Paperspace Is Building 'A.I.-as-a-Service' Platform
*By Carlo Versano*
Paperspace wants to make artificial intelligence more accessible, according to its co-founder and CEO Dillon Erb.
Erb told Cheddar Tuesday that artificial intelligence is still so new and complex that mainstream companies find the tech difficult to harness.
Although A.I. is a "fundamentally transformative technology," he said, "the tools haven't really been built yet to make it accessible for most applications."
The Brooklyn-based cloud-computing start-up just closed a $13 million Series A funding round to build up its machine learning toolkits, which it sells to other companies looking to develop their own machine-learning platforms or products ー think A.I.-as-a-service.
Erb said he will use a portion of the new financing to market a product offering called "Gradient," which is, essentially, A.I. in a box.
Developers and data scientists can use Gradient to run A.I. and deep learning tasks without having to install or build out their own infrastructure.

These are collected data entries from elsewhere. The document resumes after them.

(* Let $D$ be an integral domain and let $\Theta$ be a Jaffard family of $D$. Then there is an exact sequence $$0\longrightarrow\mathrm{Pic}(D,\Theta)\longrightarrow\mathrm{Pic}(D)\longrightarrow\bigoplus_{T\in\Theta}\mathrm{Pic}(T)\longrightarrow 0,$$ where the first map is the inclusion and the second is $[I]\mapsto([IT])_{T\in\Theta}$.
   Context: $K$ is the quotient field of $D$; for a domain $A$, $\mathrm{Pic}(A)$ is the group of invertible fractional ideals modulo principal ones. $\mathrm{Pic}(D,\Theta)=\{[I]\in\mathrm{Pic}(D)\mid IT\text{ principal for all }T\in\Theta\}$. An overring is a ring between $D$ and $K$, flat if flat as a $D$-module. A pre-Jaffard family of $D$ is a set $\Theta$ of overrings with: $\Theta=\{K\}$ or $K\notin\Theta$; all members flat; complete (every ideal $I$ of $D$ equals $\bigcap_{T\in\Theta}IT$); independent ($TT'=K$ for distinct members); compact in the Zariski topology on overrings (subbasic opens $\{T\mid x_1,\dots,x_n\in T\}$). A Jaffard family is a pre-Jaffard family that is locally finite (each nonzero $x\in D$ is a nonunit in only finitely many members). *)

theory Defs
  imports "HOL-Algebra.Product_Groups" "HOL-Algebra.Coset" "HOL-Analysis.Abstract_Topology"
begin

text \<open>Ambient field K is a type 'k :: field; D is a subring of K whose quotient field is K.\<close>

definition is_subring :: "'k::field set \<Rightarrow> bool" where
  "is_subring R \<longleftrightarrow> 0 \<in> R \<and> 1 \<in> R \<and> (\<forall>x\<in>R. \<forall>y\<in>R. x + y \<in> R \<and> x - y \<in> R \<and> x * y \<in> R)"

definition domain_with_qf :: "'k::field set \<Rightarrow> bool" where
  "domain_with_qf D \<longleftrightarrow> is_subring D \<and> (\<forall>z. \<exists>a\<in>D. \<exists>b\<in>D. b \<noteq> 0 \<and> z = a / b)"

definition ideal_prod :: "'k::field set \<Rightarrow> 'k set \<Rightarrow> 'k set" where
  "ideal_prod A B = {(\<Sum>i<(n::nat). f i * g i) | n f g. \<forall>i<n. f i \<in> A \<and> g i \<in> B}"

definition submodule :: "'k::field set \<Rightarrow> 'k set \<Rightarrow> bool" where
  "submodule R M \<longleftrightarrow> 0 \<in> M \<and> (\<forall>x\<in>M. \<forall>y\<in>M. x + y \<in> M) \<and> (\<forall>r\<in>R. \<forall>x\<in>M. r * x \<in> M)"

definition ring_ideal :: "'k::field set \<Rightarrow> 'k set \<Rightarrow> bool" where
  "ring_ideal R I \<longleftrightarrow> submodule R I \<and> I \<subseteq> R"

definition frac_ideal :: "'k::field set \<Rightarrow> 'k set \<Rightarrow> bool" where
  "frac_ideal R I \<longleftrightarrow> submodule R I \<and> (\<exists>d\<in>R. d \<noteq> 0 \<and> (\<lambda>x. d * x) ` I \<subseteq> R)"

definition invertible_frac :: "'k::field set \<Rightarrow> 'k set \<Rightarrow> bool" where
  "invertible_frac R I \<longleftrightarrow> frac_ideal R I \<and> (\<exists>J. frac_ideal R J \<and> ideal_prod I J = R)"

definition principal :: "'k::field set \<Rightarrow> 'k set \<Rightarrow> bool" where
  "principal R I \<longleftrightarrow> (\<exists>x. I = (\<lambda>r. x * r) ` R)"

definition ideal_group :: "'k::field set \<Rightarrow> 'k set monoid" where
  "ideal_group R = \<lparr>carrier = {I. invertible_frac R I}, mult = ideal_prod, one = R\<rparr>"

definition princ :: "'k::field set \<Rightarrow> 'k set set" where
  "princ R = {I. invertible_frac R I \<and> principal R I}"

definition Pic :: "'k::field set \<Rightarrow> 'k set set monoid" where
  "Pic R = ideal_group R Mod princ R"

definition pic_class :: "'k::field set \<Rightarrow> 'k set \<Rightarrow> 'k set set" where
  "pic_class R I = princ R #>\<^bsub>ideal_group R\<^esub> I"

definition overring :: "'k::field set \<Rightarrow> 'k set \<Rightarrow> bool" where
  "overring D T \<longleftrightarrow> is_subring T \<and> D \<subseteq> T"

text \<open>Flatness of T as a D-module, via the equational criterion of flatness.\<close>
definition flat_over :: "'k::field set \<Rightarrow> 'k set \<Rightarrow> bool" where
  "flat_over D T \<longleftrightarrow>
     (\<forall>n a x. (\<forall>i<n. a i \<in> D \<and> x i \<in> T) \<and> (\<Sum>i<(n::nat). a i * x i) = 0 \<longrightarrow>
        (\<exists>(m::nat) b y. (\<forall>j<m. y j \<in> T) \<and> (\<forall>i<n. \<forall>j<m. b i j \<in> D) \<and>
             (\<forall>i<n. x i = (\<Sum>j<m. b i j * y j)) \<and> (\<forall>j<m. (\<Sum>i<n. a i * b i j) = 0)))"

definition zariski :: "'k::field set \<Rightarrow> 'k set topology" where
  "zariski D = topology_generated_by {{T. overring D T \<and> set xs \<subseteq> T} | xs. True}"

definition pre_jaffard :: "'k::field set \<Rightarrow> 'k set set \<Rightarrow> bool" where
  "pre_jaffard D \<Theta> \<longleftrightarrow>
     (\<Theta> = {UNIV} \<or> UNIV \<notin> \<Theta>) \<and>
     (\<forall>T\<in>\<Theta>. overring D T \<and> flat_over D T) \<and>
     (\<forall>I. ring_ideal D I \<longrightarrow> I = (\<Inter>T\<in>\<Theta>. ideal_prod I T)) \<and>
     (\<forall>T\<in>\<Theta>. \<forall>T'\<in>\<Theta>. T \<noteq> T' \<longrightarrow> ideal_prod T T' = UNIV) \<and>
     compactin (zariski D) \<Theta>"

definition jaffard :: "'k::field set \<Rightarrow> 'k set set \<Rightarrow> bool" where
  "jaffard D \<Theta> \<longleftrightarrow> pre_jaffard D \<Theta> \<and>
     (\<forall>x\<in>D. x \<noteq> 0 \<longrightarrow> finite {T\<in>\<Theta>. \<not> (\<exists>y\<in>T. x * y = 1)})"

definition Pic_rel :: "'k::field set \<Rightarrow> 'k set set \<Rightarrow> 'k set set set" where
  "Pic_rel D \<Theta> = {c \<in> carrier (Pic D). \<exists>I\<in>c. \<forall>T\<in>\<Theta>. principal T (ideal_prod I T)}"

definition pic_map :: "'k::field set \<Rightarrow> 'k set set \<Rightarrow> 'k set set \<Rightarrow> ('k set \<Rightarrow> 'k set set)" where
  "pic_map D \<Theta> c = (\<lambda>T\<in>\<Theta>. pic_class T (ideal_prod (SOME I. I \<in> c) T))"

end

theory Submission
  imports Defs
begin

text \<open>
  Extension \<open>I \<mapsto> IT\<close> is multiplicative and sends principal ideals to principal ones, so
  \<open>[I] \<mapsto> ([IT])\<^sub>T\<close> is a homomorphism; if \<open>dI \<subseteq> D\<close> and \<open>0 \<noteq> i \<in> I\<close>, then \<open>IT = d\<^sup>-\<^sup>1T\<close> for
  every \<open>T\<close> in which \<open>di\<close> is a unit, so by local finiteness the image lies in the direct sum. For surjectivity it suffices to hit a class
  supported at a single \<open>T\<^sub>0\<close>, represented by an integral invertible ideal \<open>J\<close> of \<open>T\<^sub>0\<close>.
  Its contraction \<open>I = J \<inter> D\<close> satisfies \<open>IT\<^sub>0 = J\<close> by flatness and \<open>IT = T\<close> for \<open>T \<noteq> T\<^sub>0\<close> by
  independence; moreover \<open>I (D : I)\<close> is an ideal of \<open>D\<close> that becomes the unit ideal in every
  \<open>T\<close>, hence equals \<open>D\<close> by completeness, so \<open>I\<close> is invertible.
\<close>

section \<open>Products of additive subgroups of a field\<close>

lemma mult_mem_ideal_prod [intro]: "a \<in> A \<Longrightarrow> b \<in> B \<Longrightarrow> a * b \<in> ideal_prod A B"
  unfolding ideal_prod_def by (rule CollectI, rule exI[of _ 1]) auto

lemma zero_mem_ideal_prod [intro]: "0 \<in> ideal_prod A B"
  unfolding ideal_prod_def by (rule CollectI, rule exI[of _ 0]) auto

lemma add_mem_ideal_prod [intro]:
  assumes "x \<in> ideal_prod A B" and "y \<in> ideal_prod A B"
  shows "x + y \<in> ideal_prod A B"
proof -
  obtain n :: nat and f g where x: "x = (\<Sum>i<n. f i * g i)" "\<forall>i<n. f i \<in> A \<and> g i \<in> B"
    using assms(1) unfolding ideal_prod_def by blast
  obtain m :: nat and f' g' where y: "y = (\<Sum>i<m. f' i * g' i)" "\<forall>i<m. f' i \<in> A \<and> g' i \<in> B"
    using assms(2) unfolding ideal_prod_def by blast
  define F where "F i = (if i < n then f i else f' (i - n))" for i
  define G where "G i = (if i < n then g i else g' (i - n))" for i
  have "(\<Sum>i<n + m. F i * G i) = (\<Sum>i<n. F i * G i) + (\<Sum>i<m. F (i + n) * G (i + n))"
    by (induction m) (auto simp: add_ac)
  also have "\<dots> = x + y"
    using x y by (simp add: F_def G_def)
  finally have "x + y = (\<Sum>i<n + m. F i * G i)" ..
  moreover have "\<forall>i<n + m. F i \<in> A \<and> G i \<in> B"
    using x y by (auto simp: F_def G_def)
  ultimately show ?thesis
    unfolding ideal_prod_def by blast
qed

One of the current roadblocks in modern machine learning is that it requires a great deal of processing power, and "actually harnessing that power is incredibly difficult," according to Erb. Gradient helps solve that problem by doing the computing without a dedicated server. Erb said his product will make it easier for smaller, "nimble" companies that want to run machine-learning experiments, but don't have the resources to do it on their own networks.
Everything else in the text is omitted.